Stored data entries:
lemma bad_component_walk:
  assumes sym: "sym E"
    and bad: "\<not> (trivial_comp E (component E v) \<or> complete_loops_comp E (component E v)
               \<or> complete_bipartite_comp E (component E v))"
    and "2 \<le> m"
  shows "\<exists>W. walk E W \<and> (W a, W (a + m)) \<notin> E"
proof -
  obtain x y where "(x, y) \<in> E ^^ m" "(x, y) \<notin> E"
    using not_adjacent_ends_if_bad_component[OF assms] unfolding adjacent_ends_def by blast
  moreover have "0 < m" using \<open>2 \<le> m\<close> by simp
  ultimately obtain W where W: "walk E W" "(W 0, W m) \<notin> E"
    using relpow_walk[OF sym] by metis
  then obtain W' where "walk E W'" "\<forall>i. W' (a + i) = W i"
    using walk_shift[OF sym] by blast
  then show ?thesis using W(2) by (metis add_0_right)
qed

lemma leaves_B: "t \<in> B n \<Longrightarrow> leaves t = [1..<Suc n]"
  by (simp add: B_def)

lemma set_leaves_B: "t \<in> B n \<Longrightarrow> set (leaves t) = {1..n}"
  by (auto simp: leaves_B)

lemma sorted_leaves_B: "t \<in> B n \<Longrightarrow> sorted_wrt (<) (leaves t)"
  by (simp add: leaves_B del: upt_Suc)

lemma distinct_leaves_B: "t \<in> B n \<Longrightarrow> distinct (leaves t)"
  by (simp add: leaves_B)

lemma leftmost_B: "t \<in> B n \<Longrightarrow> leftmost t = 1"
  using leaves_not_Nil[of t] by (simp add: leaves_B leftmost_eq_hd_leaves hd_upt del: upt_Suc)

lemma two_le_if_B_ne:
  assumes "t \<in> B n" "t' \<in> B n" "t \<noteq> t'"
  shows "2 \<le> n"
proof (rule ccontr)
  assume "\<not> 2 \<le> n"
  moreover have "n \<noteq> 0" using leaves_not_Nil[of t] leaves_B[OF assms(1)] by (cases n) auto
  ultimately have "n = 1" by simp
  then have "t = Var 1" "t' = Var 1"
    using leaves_B[OF assms(1)] leaves_B[OF assms(2)] by (simp_all add: leaves_eq_single_iff)
  then show False using assms(3) by simp
qed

**PROBLEM TO WORK ON:**
Pull every line with "where" from the records.

**RESULT FOR THIS EXERCISE:**
  obtain x y where "(x, y) \<in> E ^^ m" "(x, y) \<notin> E"
  ultimately obtain W where W: "walk E W" "(W 0, W m) \<notin> E"
  then obtain W' where "walk E W'" "\<forall>i. W' (a + i) = W i"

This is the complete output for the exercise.